El SOP necesita más atención ya que su riesgo cambia de ser una enfermedad hormonal a un trastorno metabólico. La diabetes afecta a las mujeres de manera diferente que a los hombres en áreas como el riesgo cardiovascular, las complicaciones y las respuestas al tratamiento, y las mujeres a menudo enfrentan mayores riesgos relativos a pesar de una menor prevalencia absoluta. Estudios revisados por pares destacan mayores tasas de mortalidad, resultados adversos y cargas psicosociales en las mujeres.
Según un estudio de 2023 publicado en Diabetologia, las mujeres con diabetes tipo 2 exhiben mayores riesgos relativos de enfermedad cardiovascular (ECV) y mortalidad que los hombres, particularmente las mujeres más jóvenes, debido a factores como una mayor carga de obesidad al momento del diagnóstico, cambios relacionados con la menopausia y diabetes gestacional previa.
Una revisión sistemática, publicada en Diabetologia, de 47 cohortes que incluyen a 12 millones de individuos, encontró que las mujeres con diabetes tipo 2 tienen un mayor riesgo relativo de insuficiencia cardíaca que los hombres. Las mujeres también informan hipoglucemia más grave y un control glucémico más deficiente en algunas terapias.
¿Qué se puede hacer?
- Coma saludablemente: Concéntrese en granos integrales, verduras frescas, frutas, proteínas magras y grasas saludables.

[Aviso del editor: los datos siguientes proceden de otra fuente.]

(* Let $X$ be a super $X$-set parameter, let $G$ be a graph, and let $R\subseteq V(G)$. Define $\nu_R$ on the $X$-sets of $G$ by $\nu_R(S)=S\ominus R$. Then $\nu_R$ is a graph automorphism of $\mathfrak{X}(G)$ if and only if $R$ is $X$-irrelevant.
   Context: All graphs are finite, simple, undirected, with nonempty vertex set. A super $X$-set parameter $X$ assigns to each graph $G$ a family of subsets of $V(G)$, called the $X$-sets of $G$, such that: every graph isomorphism maps $X$-sets to $X$-sets; every graph has at least one $X$-set; and (Superset) if $S$ is an $X$-set of $G$ and $S\subseteq S'\subseteq V(G)$, then $S'$ is an $X$-set of $G$. The $X$-TAR graph $\mathfrak{X}(G)$ has as vertices the $X$-sets of $G$, with $S_1S_2$ an edge iff $|S_1\ominus S_2|=1$; $\ominus$ is symmetric difference. A vertex $v$ is $X$-irrelevant if $v$ belongs to no minimal (w.r.t. inclusion) $X$-set of $G$; a set $R$ is $X$-irrelevant if each of its vertices is. *)

theory Defs
  imports Main
begin

definition is_graph :: "'a set \<Rightarrow> 'a set set \<Rightarrow> bool" where
  "is_graph V E \<longleftrightarrow> finite V \<and> V \<noteq> {} \<and>
     (\<forall>e\<in>E. \<exists>u v. e = {u, v} \<and> u \<in> V \<and> v \<in> V \<and> u \<noteq> v)"

definition graph_iso :: "('a \<Rightarrow> 'b) \<Rightarrow> 'a set \<Rightarrow> 'a set set \<Rightarrow> 'b set \<Rightarrow> 'b set set \<Rightarrow> bool" where
  "graph_iso f V1 E1 V2 E2 \<longleftrightarrow> bij_betw f V1 V2 \<and>
     (\<forall>u\<in>V1. \<forall>v\<in>V1. {u, v} \<in> E1 \<longleftrightarrow> {f u, f v} \<in> E2)"

definition graph_automorphism :: "('a \<Rightarrow> 'a) \<Rightarrow> 'a set \<Rightarrow> 'a set set \<Rightarrow> bool" where
  "graph_automorphism f V E \<longleftrightarrow> graph_iso f V E V E"

definition symdiff :: "'a set \<Rightarrow> 'a set \<Rightarrow> 'a set" where
  "symdiff A B = (A - B) \<union> (B - A)"

text \<open>A super X-set parameter on graphs with vertices of type 'a:
  X V E is the family of X-sets of the graph (V,E).\<close>
definition super_X_param :: "('a set \<Rightarrow> 'a set set \<Rightarrow> 'a set set) \<Rightarrow> bool" where
  "super_X_param X \<longleftrightarrow>
     (\<forall>V E. is_graph V E \<longrightarrow> X V E \<subseteq> Pow V \<and> X V E \<noteq> {}) \<and>
     (\<forall>V E S S'. is_graph V E \<longrightarrow> S \<in> X V E \<longrightarrow> S \<subseteq> S' \<longrightarrow> S' \<subseteq> V \<longrightarrow> S' \<in> X V E) \<and>
     (\<forall>V1 E1 V2 E2 f S. is_graph V1 E1 \<longrightarrow> is_graph V2 E2 \<longrightarrow> graph_iso f V1 E1 V2 E2 \<longrightarrow>
        S \<in> X V1 E1 \<longrightarrow> f ` S \<in> X V2 E2)"

definition tar_vertices :: "('a set \<Rightarrow> 'a set set \<Rightarrow> 'a set set) \<Rightarrow> 'a set \<Rightarrow> 'a set set \<Rightarrow> 'a set set" where
  "tar_vertices X V E = X V E"

definition tar_edges :: "('a set \<Rightarrow> 'a set set \<Rightarrow> 'a set set) \<Rightarrow> 'a set \<Rightarrow> 'a set set \<Rightarrow> 'a set set set" where
  "tar_edges X V E = {{S1, S2} | S1 S2. S1 \<in> X V E \<and> S2 \<in> X V E \<and> card (symdiff S1 S2) = 1}"

definition minimal_X_set :: "('a set \<Rightarrow> 'a set set \<Rightarrow> 'a set set) \<Rightarrow> 'a set \<Rightarrow> 'a set set \<Rightarrow> 'a set \<Rightarrow> bool" where
  "minimal_X_set X V E S \<longleftrightarrow> S \<in> X V E \<and> (\<forall>T\<in>X V E. T \<subseteq> S \<longrightarrow> T = S)"

definition X_irrelevant_vertex :: "('a set \<Rightarrow> 'a set set \<Rightarrow> 'a set set) \<Rightarrow> 'a set \<Rightarrow> 'a set set \<Rightarrow> 'a \<Rightarrow> bool" where
  "X_irrelevant_vertex X V E v \<longleftrightarrow> (\<forall>S. minimal_X_set X V E S \<longrightarrow> v \<notin> S)"

definition X_irrelevant_set :: "('a set \<Rightarrow> 'a set set \<Rightarrow> 'a set set) \<Rightarrow> 'a set \<Rightarrow> 'a set set \<Rightarrow> 'a set \<Rightarrow> bool" where
  "X_irrelevant_set X V E R \<longleftrightarrow> (\<forall>v\<in>R. X_irrelevant_vertex X V E v)"

end

theory Submission
  imports Defs
begin

text \<open>Since X-sets are closed upwards, the X-sets are exactly the supersets (within V) of
  minimal X-sets. Hence S \<mapsto> S \<ominus> R preserves the X-sets iff R misses every minimal X-set:
  if a vertex v \<in> R lies in a minimal X-set M, then M \<union> R is an X-set mapped to M - R,
  a proper subset of M; conversely, toggling R leaves every minimal X-set below S untouched.
  Being an involution that preserves symmetric differences, S \<mapsto> S \<ominus> R is an automorphism
  of the TAR graph as soon as it maps X-sets to X-sets.\<close>

lemma symdiff_commute: "symdiff A B = symdiff B A"
  by (auto simp: symdiff_def)

lemma symdiff_symdiff_cancel_right: "symdiff (symdiff S R) R = S"
  by (auto simp: symdiff_def)

lemma symdiff_symdiff_same_right: "symdiff (symdiff S1 R) (symdiff S2 R) = symdiff S1 S2"
  by (auto simp: symdiff_def)

lemma doubleton_in_tar_edges_iff:
  assumes "S1 \<in> X V E" "S2 \<in> X V E"
  shows "{S1, S2} \<in> tar_edges X V E \<longleftrightarrow> card (symdiff S1 S2) = 1"
proof
  assume "{S1, S2} \<in> tar_edges X V E"
  then obtain T1 T2 where "{S1, S2} = {T1, T2}" "card (symdiff T1 T2) = 1"
    by (auto simp: tar_edges_def)
  then show "card (symdiff S1 S2) = 1"
    by (auto simp: doubleton_eq_iff symdiff_commute)
qed (use assms in \<open>auto simp: tar_edges_def\<close>)

lemma graph_automorphism_symdiff_tar_iff:
  "graph_automorphism (\<lambda>S. symdiff S R) (tar_vertices X V E) (tar_edges X V E)
     \<longleftrightarrow> (\<forall>S \<in> X V E. symdiff S R \<in> X V E)"
proof
  assume "graph_automorphism (\<lambda>S. symdiff S R) (tar_vertices X V E) (tar_edges X V E)"
  then show "\<forall>S \<in> X V E. symdiff S R \<in> X V E"
    by (auto simp: graph_automorphism_def graph_iso_def tar_vertices_def bij_betw_def)
next
  assume maps: "\<forall>S \<in> X V E. symdiff S R \<in> X V E"
  then have "bij_betw (\<lambda>S. symdiff S R) (X V E) (X V E)"
    by (intro bij_betw_byWitness[where f' = "\<lambda>S. symdiff S R"])
      (auto simp: symdiff_symdiff_cancel_right)
  with maps show "graph_automorphism (\<lambda>S. symdiff S R) (tar_vertices X V E) (tar_edges X V E)"
    by (simp add: graph_automorphism_def graph_iso_def tar_vertices_def
        doubleton_in_tar_edges_iff symdiff_symdiff_same_right)
qed

lemma X_set_subset:
  "super_X_param X \<Longrightarrow> is_graph V E \<Longrightarrow> S \<in> X V E \<Longrightarrow> S \<subseteq> V"
  unfolding super_X_param_def by (meson PowD subsetD)

lemma X_set_superset:
  "super_X_param X \<Longrightarrow> is_graph V E \<Longrightarrow> S \<in> X V E \<Longrightarrow> S \<subseteq> S' \<Longrightarrow> S' \<subseteq> V \<Longrightarrow> S' \<in> X V E"
  unfolding super_X_param_def by metis

lemma finite_X_sets:
  assumes "super_X_param X" "is_graph V E"
  shows "finite (X V E)"
proof -
  have "X V E \<subseteq> Pow V"
    using X_set_subset[OF assms] by blast
  moreover have "finite V"
    using assms(2) by (simp add: is_graph_def)
  ultimately show ?thesis
    by (meson finite_Pow_iff finite_subset)
qed

lemma minimal_X_set_below:
  assumes "super_X_param X" "is_graph V E" "S \<in> X V E"
  obtains M where "minimal_X_set X V E M" "M \<subseteq> S"
  using finite_has_minimal2[OF finite_X_sets[OF assms(1,2)] assms(3)]
  by (auto simp: minimal_X_set_def)

lemma symdiff_X_set_if_X_irrelevant:
  assumes X: "super_X_param X" and G: "is_graph V E" and "R \<subseteq> V"
    and irrelevant: "X_irrelevant_set X V E R" and S: "S \<in> X V E"
  shows "symdiff S R \<in> X V E"
proof -
  obtain M where M: "minimal_X_set X V E M" "M \<subseteq> S"
    using minimal_X_set_below[OF X G S] .
  have "M \<inter> R = {}"
    using irrelevant M(1) by (auto simp: X_irrelevant_set_def X_irrelevant_vertex_def)
  with M(2) have "M \<subseteq> symdiff S R"
    by (auto simp: symdiff_def)
  moreover have "symdiff S R \<subseteq> V"
    using X_set_subset[OF X G S] \<open>R \<subseteq> V\<close> by (auto simp: symdiff_def)
  ultimately show ?thesis
    using X_set_superset[OF X G] M(1) by (auto simp: minimal_X_set_def)
qed

lemma X_irrelevant_if_symdiff_X_set:
  assumes X: "super_X_param X" and G: "is_graph V E" and "R \<subseteq> V"
    and maps: "\<forall>S \<in> X V E. symdiff S R \<in> X V E"
  shows "X_irrelevant_set X V E R"
  unfolding X_irrelevant_set_def X_irrelevant_vertex_def
proof (intro ballI allI impI notI)
  fix v M
  assume "v \<in> R" "minimal_X_set X V E M" "v \<in> M"
  then have M: "M \<in> X V E" "\<forall>T \<in> X V E. T \<subseteq> M \<longrightarrow> T = M"
    by (auto simp: minimal_X_set_def)
  have "M \<union> R \<in> X V E"
    using X_set_superset[OF X G M(1)] X_set_subset[OF X G M(1)] \<open>R \<subseteq> V\<close> by blast
  with maps have "symdiff (M \<union> R) R \<in> X V E" by blast
  moreover have "symdiff (M \<union> R) R = M - R"
    by (auto simp: symdiff_def)
  ultimately have "M - R = M"
    using M(2) by blast
  with \<open>v \<in> R\<close> \<open>v \<in> M\<close> show False by blast
qed

theorem theorem2p23:
  fixes X :: "'a set \<Rightarrow> 'a set set \<Rightarrow> 'a set set"
    and V :: "'a set" and E :: "'a set set" and R :: "'a set"
  assumes "super_X_param X"
    and "is_graph V E"
    and "R \<subseteq> V"
  shows "graph_automorphism (\<lambda>S. symdiff S R) (tar_vertices X V E) (tar_edges X V E)
         \<longleftrightarrow> X_irrelevant_set X V E R"
  unfolding graph_automorphism_symdiff_tar_iff
  using symdiff_X_set_if_X_irrelevant[OF assms] X_irrelevant_if_symdiff_X_set[OF assms]
  by blast

end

- Haga ejercicio: Mueva su cuerpo, incluso una caminata rápida de 30 minutos cada día puede ayudar a su cuerpo.
- Control de peso: Si tiene sobrepeso, perder solo un 5-10% puede mejorar el equilibrio hormonal.
- Medicamentos: Algunas personas también pueden necesitar medicamentos como la metformina para ayudar a controlar la insulina. No se salte los chequeos regulares.